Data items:
*** Block opens ***
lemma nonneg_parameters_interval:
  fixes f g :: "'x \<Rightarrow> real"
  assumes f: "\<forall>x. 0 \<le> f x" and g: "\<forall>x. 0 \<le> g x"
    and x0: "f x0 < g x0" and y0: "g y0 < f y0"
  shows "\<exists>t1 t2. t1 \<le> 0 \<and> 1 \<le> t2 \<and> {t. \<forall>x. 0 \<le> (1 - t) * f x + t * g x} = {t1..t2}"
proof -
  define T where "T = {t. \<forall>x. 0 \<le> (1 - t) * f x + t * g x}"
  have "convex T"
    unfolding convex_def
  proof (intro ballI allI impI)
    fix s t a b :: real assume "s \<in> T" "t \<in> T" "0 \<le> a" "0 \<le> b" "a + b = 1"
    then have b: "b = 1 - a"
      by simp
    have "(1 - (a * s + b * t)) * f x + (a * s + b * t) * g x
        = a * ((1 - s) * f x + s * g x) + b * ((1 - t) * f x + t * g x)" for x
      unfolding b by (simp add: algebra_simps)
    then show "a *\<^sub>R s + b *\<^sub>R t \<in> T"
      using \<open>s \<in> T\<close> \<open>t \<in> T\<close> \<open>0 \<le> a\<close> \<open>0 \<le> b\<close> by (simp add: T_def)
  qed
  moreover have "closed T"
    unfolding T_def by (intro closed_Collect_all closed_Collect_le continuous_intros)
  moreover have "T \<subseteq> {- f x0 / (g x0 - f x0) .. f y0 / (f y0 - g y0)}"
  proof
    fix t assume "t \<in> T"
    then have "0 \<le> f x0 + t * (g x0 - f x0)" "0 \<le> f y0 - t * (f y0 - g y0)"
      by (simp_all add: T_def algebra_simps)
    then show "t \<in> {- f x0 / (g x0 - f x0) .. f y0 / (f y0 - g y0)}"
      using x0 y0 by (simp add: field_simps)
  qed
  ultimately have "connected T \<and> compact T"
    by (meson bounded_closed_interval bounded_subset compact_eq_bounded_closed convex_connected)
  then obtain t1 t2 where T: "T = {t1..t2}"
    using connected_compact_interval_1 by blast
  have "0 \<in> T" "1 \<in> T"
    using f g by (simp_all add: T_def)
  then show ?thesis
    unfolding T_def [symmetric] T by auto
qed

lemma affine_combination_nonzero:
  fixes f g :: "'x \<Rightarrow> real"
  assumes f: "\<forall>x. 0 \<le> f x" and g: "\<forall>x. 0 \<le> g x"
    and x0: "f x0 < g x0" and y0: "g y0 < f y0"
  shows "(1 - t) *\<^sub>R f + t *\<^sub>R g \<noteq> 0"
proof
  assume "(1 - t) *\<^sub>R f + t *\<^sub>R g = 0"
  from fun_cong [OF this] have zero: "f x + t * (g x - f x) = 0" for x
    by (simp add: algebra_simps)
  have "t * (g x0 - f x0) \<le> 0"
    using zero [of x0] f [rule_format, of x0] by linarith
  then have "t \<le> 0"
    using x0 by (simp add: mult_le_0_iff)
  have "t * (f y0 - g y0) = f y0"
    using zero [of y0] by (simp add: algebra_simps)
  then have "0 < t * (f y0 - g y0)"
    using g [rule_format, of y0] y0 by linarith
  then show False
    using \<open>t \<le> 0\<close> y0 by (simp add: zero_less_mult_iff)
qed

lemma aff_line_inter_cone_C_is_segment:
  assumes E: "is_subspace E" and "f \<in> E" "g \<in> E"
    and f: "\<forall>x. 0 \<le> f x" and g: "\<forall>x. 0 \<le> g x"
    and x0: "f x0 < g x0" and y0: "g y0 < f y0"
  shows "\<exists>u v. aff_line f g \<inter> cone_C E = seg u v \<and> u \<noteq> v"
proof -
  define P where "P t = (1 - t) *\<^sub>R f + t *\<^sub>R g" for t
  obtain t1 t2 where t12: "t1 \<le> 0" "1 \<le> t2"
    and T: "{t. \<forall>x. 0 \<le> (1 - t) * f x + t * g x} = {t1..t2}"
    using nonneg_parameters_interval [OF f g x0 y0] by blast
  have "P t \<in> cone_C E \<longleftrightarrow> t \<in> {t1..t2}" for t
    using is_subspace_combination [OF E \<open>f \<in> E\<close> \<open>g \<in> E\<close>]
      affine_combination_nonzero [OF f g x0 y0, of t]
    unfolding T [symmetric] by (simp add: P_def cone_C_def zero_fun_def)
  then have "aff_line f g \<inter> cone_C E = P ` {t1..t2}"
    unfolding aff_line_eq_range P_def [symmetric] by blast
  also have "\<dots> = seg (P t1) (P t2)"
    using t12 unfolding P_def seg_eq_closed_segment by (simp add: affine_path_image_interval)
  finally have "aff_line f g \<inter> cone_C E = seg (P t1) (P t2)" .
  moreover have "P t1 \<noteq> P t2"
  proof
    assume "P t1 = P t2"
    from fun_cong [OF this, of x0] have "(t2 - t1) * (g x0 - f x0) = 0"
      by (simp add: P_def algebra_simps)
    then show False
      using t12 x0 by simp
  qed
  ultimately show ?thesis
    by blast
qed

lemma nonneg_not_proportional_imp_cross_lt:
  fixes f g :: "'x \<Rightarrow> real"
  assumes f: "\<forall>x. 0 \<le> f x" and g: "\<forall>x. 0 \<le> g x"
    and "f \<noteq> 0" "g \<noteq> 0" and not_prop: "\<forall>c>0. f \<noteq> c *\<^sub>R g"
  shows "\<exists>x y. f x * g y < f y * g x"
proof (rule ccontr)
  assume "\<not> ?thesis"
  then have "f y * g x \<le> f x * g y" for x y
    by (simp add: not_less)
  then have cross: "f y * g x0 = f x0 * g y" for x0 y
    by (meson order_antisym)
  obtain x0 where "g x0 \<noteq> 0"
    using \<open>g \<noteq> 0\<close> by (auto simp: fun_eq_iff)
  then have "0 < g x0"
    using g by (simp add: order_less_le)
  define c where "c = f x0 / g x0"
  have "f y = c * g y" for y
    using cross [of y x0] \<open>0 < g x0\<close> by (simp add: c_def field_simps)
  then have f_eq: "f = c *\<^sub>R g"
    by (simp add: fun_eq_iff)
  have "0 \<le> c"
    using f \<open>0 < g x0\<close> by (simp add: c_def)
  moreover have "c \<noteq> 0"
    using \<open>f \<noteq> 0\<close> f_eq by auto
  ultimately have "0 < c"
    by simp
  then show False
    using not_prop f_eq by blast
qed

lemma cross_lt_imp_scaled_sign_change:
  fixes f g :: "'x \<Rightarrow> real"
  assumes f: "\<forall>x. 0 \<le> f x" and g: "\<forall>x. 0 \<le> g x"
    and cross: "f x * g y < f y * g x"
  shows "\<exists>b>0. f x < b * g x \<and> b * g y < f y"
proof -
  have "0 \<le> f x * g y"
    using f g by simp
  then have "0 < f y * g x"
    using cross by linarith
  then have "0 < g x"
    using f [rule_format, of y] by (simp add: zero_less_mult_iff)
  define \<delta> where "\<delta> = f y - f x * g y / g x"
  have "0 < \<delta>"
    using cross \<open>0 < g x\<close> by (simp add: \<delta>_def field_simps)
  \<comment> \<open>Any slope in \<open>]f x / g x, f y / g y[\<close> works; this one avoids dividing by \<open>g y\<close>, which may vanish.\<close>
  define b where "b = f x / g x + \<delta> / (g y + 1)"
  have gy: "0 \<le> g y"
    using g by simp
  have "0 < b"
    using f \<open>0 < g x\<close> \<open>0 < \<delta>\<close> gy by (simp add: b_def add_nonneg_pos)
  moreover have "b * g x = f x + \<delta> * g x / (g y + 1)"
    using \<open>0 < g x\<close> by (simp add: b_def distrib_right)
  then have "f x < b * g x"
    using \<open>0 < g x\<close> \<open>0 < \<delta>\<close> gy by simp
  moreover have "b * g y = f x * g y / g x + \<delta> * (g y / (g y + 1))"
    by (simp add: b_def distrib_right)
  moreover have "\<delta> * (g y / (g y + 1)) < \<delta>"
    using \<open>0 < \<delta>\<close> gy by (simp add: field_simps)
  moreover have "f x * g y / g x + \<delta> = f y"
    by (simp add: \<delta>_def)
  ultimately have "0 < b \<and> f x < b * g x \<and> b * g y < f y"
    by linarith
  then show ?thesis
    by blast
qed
*** Block closes ***
*** Block opens ***
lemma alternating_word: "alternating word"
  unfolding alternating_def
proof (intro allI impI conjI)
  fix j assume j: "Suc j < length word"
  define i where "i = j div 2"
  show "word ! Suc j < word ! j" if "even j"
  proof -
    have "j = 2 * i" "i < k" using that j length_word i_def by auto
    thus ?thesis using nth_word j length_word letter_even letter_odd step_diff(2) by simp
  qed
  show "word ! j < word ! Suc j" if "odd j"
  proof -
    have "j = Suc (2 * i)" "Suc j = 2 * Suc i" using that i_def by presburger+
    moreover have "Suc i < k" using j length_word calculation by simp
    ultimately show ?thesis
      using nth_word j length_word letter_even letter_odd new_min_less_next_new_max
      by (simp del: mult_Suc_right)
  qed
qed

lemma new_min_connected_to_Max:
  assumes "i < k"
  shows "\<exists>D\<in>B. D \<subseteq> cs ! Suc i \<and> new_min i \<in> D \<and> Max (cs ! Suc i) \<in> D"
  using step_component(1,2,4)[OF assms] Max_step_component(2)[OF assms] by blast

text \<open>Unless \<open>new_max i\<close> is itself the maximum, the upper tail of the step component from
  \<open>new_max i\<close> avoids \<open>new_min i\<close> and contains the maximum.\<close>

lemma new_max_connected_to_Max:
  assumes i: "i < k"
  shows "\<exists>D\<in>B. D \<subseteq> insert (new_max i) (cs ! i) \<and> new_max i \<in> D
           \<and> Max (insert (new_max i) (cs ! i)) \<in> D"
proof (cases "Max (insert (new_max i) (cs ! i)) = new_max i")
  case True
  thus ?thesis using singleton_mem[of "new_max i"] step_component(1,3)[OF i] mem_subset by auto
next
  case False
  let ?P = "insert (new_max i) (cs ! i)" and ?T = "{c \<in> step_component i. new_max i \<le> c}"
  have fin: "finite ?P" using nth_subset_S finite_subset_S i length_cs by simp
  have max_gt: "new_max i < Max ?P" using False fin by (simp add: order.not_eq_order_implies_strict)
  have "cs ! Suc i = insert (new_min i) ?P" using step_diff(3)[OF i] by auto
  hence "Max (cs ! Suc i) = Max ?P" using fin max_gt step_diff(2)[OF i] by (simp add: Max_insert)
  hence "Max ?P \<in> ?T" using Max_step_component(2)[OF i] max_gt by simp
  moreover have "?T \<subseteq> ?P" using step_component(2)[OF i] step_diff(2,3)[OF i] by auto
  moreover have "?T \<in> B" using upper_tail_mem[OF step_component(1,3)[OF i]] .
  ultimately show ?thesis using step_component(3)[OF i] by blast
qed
*** Block closes ***
Work task: Your task is to list each line of the records with the word "maximum".

Expected answer:
text \<open>Unless \<open>new_max i\<close> is itself the maximum, the upper tail of the step component from
  \<open>new_max i\<close> avoids \<open>new_min i\<close> and contains the maximum.\<close>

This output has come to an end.